***** Dataset content *****

abbreviation mpeval :: "('v, 'a::comm_ring_1) mpoly \<Rightarrow> ('v \<Rightarrow> 'a) \<Rightarrow> 'a" where
  "mpeval p x \<equiv> meval (\<lambda>c. c) p x"

definition mvars :: "('v, 'a::zero) mpoly \<Rightarrow> 'v set" where
  "mvars p = (\<Union>m\<in>Poly_Mapping.keys p. Poly_Mapping.keys m)"

definition is_derivation :: "('a::comm_ring_1 \<Rightarrow> 'a) \<Rightarrow> bool" where
  "is_derivation \<delta> \<longleftrightarrow> (\<forall>a b. \<delta> (a + b) = \<delta> a + \<delta> b) \<and> (\<forall>a b. \<delta> (a * b) = a * \<delta> b + \<delta> a * b)"

definition constants :: "('a \<Rightarrow> 'a::zero) \<Rightarrow> 'a set" where
  "constants \<delta> = {c. \<delta> c = 0}"

text \<open>Differential polynomials in one indeterminate y: polynomials in the variables
y, y', y'', ... (variable k stands for the k-th derivative of y).\<close>

definition dpeval :: "('a::comm_ring_1 \<Rightarrow> 'a) \<Rightarrow> (nat, 'a) mpoly \<Rightarrow> 'a \<Rightarrow> 'a" where
  "dpeval \<delta> p a = mpeval p (\<lambda>k. (\<delta> ^^ k) a)"

text \<open>Order of a differential polynomial (-1 if no derivative of y occurs, i.e. p is
an element of the base field).\<close>

definition dord :: "(nat, 'a::zero) mpoly \<Rightarrow> int" where
  "dord p = (if mvars p = {} then -1 else int (Max (mvars p)))"

text \<open>Differentially closed (= constrainedly closed in Kolchin's sense, for one
derivation in characteristic zero), via Blum's axioms: for every nonconstant f and
nonzero g with ord g < ord f there is a in the field with f(a) = 0 and g(a) <> 0.\<close>

definition delta_closed :: "('a::field_char_0 \<Rightarrow> 'a) \<Rightarrow> bool" where
  "delta_closed \<delta> \<longleftrightarrow> is_derivation \<delta> \<and>
     (\<forall>f g :: (nat, 'a) mpoly. mvars f \<noteq> {} \<and> g \<noteq> 0 \<and> dord g < dord f \<longrightarrow>
        (\<exists>a. dpeval \<delta> f a = 0 \<and> dpeval \<delta> g a \<noteq> 0))"

definition dmat :: "('a \<Rightarrow> 'a) \<Rightarrow> 'a^'n^'n \<Rightarrow> 'a^'n^'n" where
  "dmat \<delta> g = (\<chi> i j. \<delta> (g $ i $ j))"

text \<open>Variables: Some (d, i, j) stands for the (i,j) entry of the d-th derivative
of the matrix, None stands for det(x)^-1.\<close>

definition delta_map_eval :: "('a::field \<Rightarrow> 'a) \<Rightarrow> ((nat \<times> 'n::finite \<times> 'n) option, 'a) mpoly
     \<Rightarrow> 'a^'n^'n \<Rightarrow> 'a" where
  "delta_map_eval \<delta> P g = mpeval P (\<lambda>v. case v of None \<Rightarrow> inverse (det g)
                                             | Some (d, i, j) \<Rightarrow> (\<delta> ^^ d) (g $ i $ j))"

definition is_delta_map :: "('a::field \<Rightarrow> 'a) \<Rightarrow> ('a^'n::finite^'n \<Rightarrow> 'a^'n^'n) \<Rightarrow> bool" where
  "is_delta_map \<delta> f \<longleftrightarrow>
     (\<exists>F :: 'n \<Rightarrow> 'n \<Rightarrow> ((nat \<times> 'n \<times> 'n) option, 'a) mpoly.
        \<forall>g. invertible g \<longrightarrow> (\<forall>i j. f g $ i $ j = delta_map_eval \<delta> (F i j) g))"

definition mat_eval :: "('n \<times> 'n, 'a::comm_ring_1) mpoly \<Rightarrow> 'a^'n^'n \<Rightarrow> 'a" where
  "mat_eval p g = mpeval p (\<lambda>(i, j). g $ i $ j)"

definition zero_set_GL :: "('n \<times> 'n, 'a::field) mpoly set \<Rightarrow> ('a^'n::finite^'n) set" where
  "zero_set_GL S = {g. invertible g \<and> (\<forall>p\<in>S. mat_eval p g = 0)}"

definition is_subgroup_GL :: "('a::field^'n::finite^'n) set \<Rightarrow> bool" where
  "is_subgroup_GL G \<longleftrightarrow> G \<subseteq> {g. invertible g} \<and> mat 1 \<in> G \<and>
     (\<forall>g\<in>G. \<forall>h\<in>G. g ** h \<in> G) \<and> (\<forall>g\<in>G. matrix_inv g \<in> G)"

definition alg_subgroup_over_constants :: "('a::field \<Rightarrow> 'a) \<Rightarrow> ('a^'n::finite^'n) set \<Rightarrow> bool" where
  "alg_subgroup_over_constants \<delta> G \<longleftrightarrow>
     (\<exists>S. (\<forall>p\<in>S. \<forall>m. Poly_Mapping.lookup p m \<in> constants \<delta>) \<and> G = zero_set_GL S) \<and> is_subgroup_GL G"

text \<open>Differential at the identity of p in direction X: coefficient of t in
p(1 + t X).\<close>

definition diff_at_one :: "('n \<times> 'n, 'a::comm_ring_1) mpoly \<Rightarrow> 'a^'n^'n \<Rightarrow> 'a" where
  "diff_at_one p X = coeff (meval (\<lambda>c. [:c:]) p (\<lambda>(i, j). [: mat 1 $ i $ j, X $ i $ j :])) 1"

definition lie_algebra :: "('a::field^'n::finite^'n) set \<Rightarrow> ('a^'n^'n) set" where
  "lie_algebra G = {X. \<forall>p. (\<forall>g\<in>G. mat_eval p g = 0) \<longrightarrow> diff_at_one p X = 0}"

definition delta_coherent :: "('a::field \<Rightarrow> 'a) \<Rightarrow> ('a^'n::finite^'n \<Rightarrow> 'a^'n^'n) \<Rightarrow> bool" where
  "delta_coherent \<delta> f \<longleftrightarrow>
     (\<forall>G. alg_subgroup_over_constants \<delta> G \<longrightarrow> f ` G \<subseteq> lie_algebra G)"

end

theory Submission
  imports Defs
begin

text \<open>
  Transvections \<open>e\<^sub>i\<^sub>j(s)\<close> and dilations \<open>d\<^sub>i(t)\<close> lie in one-entry subgroups defined over the
  constants, so coherence forces \<open>f(e\<^sub>i\<^sub>j(s))\<close> and \<open>f(d\<^sub>i(t))\<close> to be supported on the single entry
  (i, j) resp. (i, i).  The cocycle identity turns the coefficient \<open>\<phi>\<^sub>i\<^sub>j(s)\<close> of \<open>f(e\<^sub>i\<^sub>j(s))\<close> into
  a derivation of R (using a finite subgroup of order 4 to get \<open>\<phi>\<^sub>i\<^sub>j(1) = 0\<close>), and \<open>\<phi>\<^sub>i\<^sub>j\<close> is
  given by a differential polynomial since f is a \<open>\<delta>\<close>-map.  Over a \<open>\<delta>\<close>-closed field such a
  derivation is \<open>\<nu> \<delta>\<close>: it kills the solutions of all equations \<open>\<delta>\<^bsup>N\<^esup> y = 0\<close> after subtracting
  \<open>\<nu> \<delta>\<close>, and a nonzero differential polynomial cannot vanish on all of them.  Comparing
  conjugations by dilations makes \<open>\<nu>\<close> independent of i and j, and determines \<open>\<phi>\<^sub>i\<^sub>i\<close>.  Hence
  f agrees with the cocycle \<open>g \<mapsto> \<nu> \<delta>g g\<^sup>-\<^sup>1\<close> on elementary matrices, which generate \<open>GL\<^sub>n\<close>.
\<close>

section \<open>Evaluation of multivariate polynomials\<close>

definition mon_eval :: "('v \<Rightarrow>\<^sub>0 nat) \<Rightarrow> ('v \<Rightarrow> 'b::comm_ring_1) \<Rightarrow> 'b" where
  "mon_eval m x = (\<Prod>v\<in>Poly_Mapping.keys m. x v ^ Poly_Mapping.lookup m v)"

definition is_ring_hom :: "('a::comm_ring_1 \<Rightarrow> 'b::comm_ring_1) \<Rightarrow> bool" where
  "is_ring_hom h \<longleftrightarrow> h 0 = 0 \<and> h 1 = 1 \<and> (\<forall>a b. h (a + b) = h a + h b) \<and> (\<forall>a b. h (a * b) = h a * h b)"

definition MVar :: "'v \<Rightarrow> ('v, 'a::comm_ring_1) mpoly" where
  "MVar v = Poly_Mapping.single (Poly_Mapping.single v 1) 1"

definition MConst :: "'a::comm_ring_1 \<Rightarrow> ('v, 'a) mpoly" where
  "MConst c = Poly_Mapping.single 0 c"

lemma meval_eq_sum_mon_eval:
  "meval hom p x = (\<Sum>m\<in>Poly_Mapping.keys p. hom (Poly_Mapping.lookup p m) * mon_eval m x)"
  by (simp add: meval_def mon_eval_def)

lemma mon_eval_superset:
  assumes "finite A" "Poly_Mapping.keys m \<subseteq> A"
  shows "mon_eval m x = (\<Prod>v\<in>A. x v ^ Poly_Mapping.lookup m v)"
  unfolding mon_eval_def
  by (rule prod.mono_neutral_left[OF assms]) (auto simp: in_keys_iff)

lemma meval_superset:
  assumes "hom 0 = 0" "finite A" "Poly_Mapping.keys p \<subseteq> A"
  shows "meval hom p x = (\<Sum>m\<in>A. hom (Poly_Mapping.lookup p m) * mon_eval m x)"
  unfolding meval_eq_sum_mon_eval
  by (rule sum.mono_neutral_left[OF assms(2,3)]) (auto simp: in_keys_iff assms(1))

lemma mon_eval_add: "mon_eval (m1 + m2) x = mon_eval m1 x * mon_eval m2 x"
proof -
  let ?A = "Poly_Mapping.keys m1 \<union> Poly_Mapping.keys m2"
  have "Poly_Mapping.keys (m1 + m2) \<subseteq> ?A"
    by (auto simp: in_keys_iff lookup_add)
  then have "mon_eval (m1 + m2) x = (\<Prod>v\<in>?A. x v ^ Poly_Mapping.lookup (m1 + m2) v)"
    by (simp add: mon_eval_superset)
  also have "\<dots> = (\<Prod>v\<in>?A. x v ^ Poly_Mapping.lookup m1 v) * (\<Prod>v\<in>?A. x v ^ Poly_Mapping.lookup m2 v)"
    by (simp add: lookup_add power_add prod.distrib)
  also have "\<dots> = mon_eval m1 x * mon_eval m2 x"
    using mon_eval_superset[of ?A m1 x] mon_eval_superset[of ?A m2 x] by simp
  finally show ?thesis .
qed

lemma mon_eval_single: "mon_eval (Poly_Mapping.single v k) x = x v ^ k"
  by (cases "k = 0") (auto simp: mon_eval_def)

lemma is_ring_hom_id: "is_ring_hom (\<lambda>c. c)"
  by (simp add: is_ring_hom_def)

lemma is_ring_hom_pCons: "is_ring_hom (\<lambda>c. [:c:])"
  by (simp add: is_ring_hom_def)

lemma is_ring_hom_uminus: "is_ring_hom hom \<Longrightarrow> hom (- a) = - hom a"
  unfolding is_ring_hom_def by (metis add.right_inverse add_eq_0_iff)

lemma poly_mapping_eq_sum_single:
  "p = (\<Sum>m\<in>Poly_Mapping.keys p. Poly_Mapping.single m (Poly_Mapping.lookup p m))"
  by (rule poly_mapping_eqI)
    (auto simp: lookup_sum lookup_single when_def in_keys_iff sum.delta' intro: sym)

lemma times_poly_mapping_eq_sum_single:
  "p * q = (\<Sum>m\<in>Poly_Mapping.keys p. \<Sum>m'\<in>Poly_Mapping.keys q.
     Poly_Mapping.single (m + m') (Poly_Mapping.lookup p m * Poly_Mapping.lookup q m'))"
  by (subst poly_mapping_eq_sum_single[of p], subst poly_mapping_eq_sum_single[of q])
    (simp add: sum_product mult_single)

lemma meval_zero [simp]: "meval hom 0 x = 0"
  by (simp add: meval_def)

lemma meval_single:
  "hom 0 = 0 \<Longrightarrow> meval hom (Poly_Mapping.single m c) x = hom c * mon_eval m x"
  using meval_superset[of hom "{m}"] by simp

context
  fixes hom :: "'a::comm_ring_1 \<Rightarrow> 'b::comm_ring_1"
  assumes hom: "is_ring_hom hom"
begin

lemma meval_add: "meval hom (p + q) x = meval hom p x + meval hom q x"
proof -
  let ?A = "Poly_Mapping.keys p \<union> Poly_Mapping.keys q"
  have "Poly_Mapping.keys (p + q) \<subseteq> ?A"
    by (auto simp: in_keys_iff lookup_add)
  then show ?thesis
    using hom meval_superset[of hom ?A] unfolding is_ring_hom_def
    by (simp add: lookup_add distrib_right sum.distrib)
qed

lemma meval_sum: "meval hom (\<Sum>i\<in>I. p i) x = (\<Sum>i\<in>I. meval hom (p i) x)"
  by (induction I rule: infinite_finite_induct) (auto simp: meval_add)

lemma meval_mult: "meval hom (p * q) x = meval hom p x * meval hom q x"
proof -
  have "meval hom (p * q) x = (\<Sum>m\<in>Poly_Mapping.keys p. \<Sum>m'\<in>Poly_Mapping.keys q.
      hom (Poly_Mapping.lookup p m) * mon_eval m x * (hom (Poly_Mapping.lookup q m') * mon_eval m' x))"
    using hom unfolding times_poly_mapping_eq_sum_single[of p q] is_ring_hom_def
    by (simp add: meval_sum meval_single mon_eval_add mult_ac)
  also have "\<dots> = meval hom p x * meval hom q x"
    by (simp add: meval_eq_sum_mon_eval sum_product)
  finally show ?thesis .
qed

lemma meval_one: "meval hom 1 x = 1"
  using hom meval_single[of hom 0 1] by (simp add: is_ring_hom_def mon_eval_def)

lemma meval_prod: "meval hom (\<Prod>i\<in>I. p i) x = (\<Prod>i\<in>I. meval hom (p i) x)"
  by (induction I rule: infinite_finite_induct) (auto simp: meval_mult meval_one)

lemma meval_power: "meval hom (p ^ k) x = meval hom p x ^ k"
  by (induction k) (auto simp: meval_mult meval_one)

lemma meval_uminus: "meval hom (- p) x = - meval hom p x"
  by (simp add: meval_eq_sum_mon_eval is_ring_hom_uminus[OF hom] sum_negf)

lemma meval_diff: "meval hom (p - q) x = meval hom p x - meval hom q x"
  using meval_add[of p "- q"] by (simp add: meval_uminus)

lemma meval_MVar: "meval hom (MVar v) x = x v"
  using hom by (simp add: MVar_def meval_single is_ring_hom_def mon_eval_single)

lemma meval_MConst: "meval hom (MConst c) x = hom c"
  using hom by (simp add: MConst_def meval_single is_ring_hom_def mon_eval_def)

lemmas meval_simps = meval_add meval_mult meval_diff meval_power meval_MVar meval_MConst meval_one

end

lemma mpeval_subst:
  "mpeval (meval MConst P X) x = mpeval P (\<lambda>v. mpeval (X v) x)"
  unfolding meval_def[of MConst] MConst_def
  by (simp add: meval_sum meval_mult meval_prod meval_power is_ring_hom_id meval_single
      meval_def[of "\<lambda>c. c" P] mon_eval_def)

lemma poly_meval_pCons:
  "poly (meval (\<lambda>c. [:c:]) P X) z = mpeval P (\<lambda>v. poly (X v) z)"
  unfolding meval_def by (simp add: poly_sum poly_prod)

section \<open>Derivations\<close>

locale derivation =
  fixes \<delta> :: "'a::field_char_0 \<Rightarrow> 'a"
  assumes add: "\<delta> (a + b) = \<delta> a + \<delta> b"
    and mult: "\<delta> (a * b) = a * \<delta> b + \<delta> a * b"
begin

lemma zero [simp]: "\<delta> 0 = 0"
  using add[of 0 0] by simp

lemma one [simp]: "\<delta> 1 = 0"
  using mult[of 1 1] by simp

lemma uminus: "\<delta> (- a) = - \<delta> a"
  using add[of a "- a"] by (simp add: add_eq_0_iff)

lemma diff: "\<delta> (a - b) = \<delta> a - \<delta> b"
  using add[of a "- b"] by (simp add: uminus)

lemma sum: "\<delta> (\<Sum>i\<in>I. f i) = (\<Sum>i\<in>I. \<delta> (f i))"
  by (induction I rule: infinite_finite_induct) (auto simp: add)

lemma of_nat [simp]: "\<delta> (of_nat k) = 0"
  by (induction k) (auto simp: add)

lemma power_Suc: "\<delta> (x ^ Suc k) = of_nat (Suc k) * x ^ k * \<delta> x"
  by (induction k) (simp_all add: mult algebra_simps)

lemma mult_constant: "\<delta> c = 0 \<Longrightarrow> \<delta> (c * x) = c * \<delta> x"
  by (simp add: mult)

lemma inverse: "a \<noteq> 0 \<Longrightarrow> \<delta> (inverse a) = - \<delta> a / a\<^sup>2"
  using mult[of a "inverse a"] by (simp add: field_simps power2_eq_square add_eq_0_iff)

*****

§ Aim of the exercise: Looking at the data above, write out exactly the lines that start at the one containing "('a^'n::finite^'n) set \<Rightarrow>" and end at the one containing "p(1 + t X).\<close>"; include both and nothing beyond.

§ Exercise output:
definition alg_subgroup_over_constants :: "('a::field \<Rightarrow> 'a) \<Rightarrow> ('a^'n::finite^'n) set \<Rightarrow> bool" where
  "alg_subgroup_over_constants \<delta> G \<longleftrightarrow>
     (\<exists>S. (\<forall>p\<in>S. \<forall>m. Poly_Mapping.lookup p m \<in> constants \<delta>) \<and> G = zero_set_GL S) \<and> is_subgroup_GL G"

text \<open>Differential at the identity of p in direction X: coefficient of t in
p(1 + t X).\<close>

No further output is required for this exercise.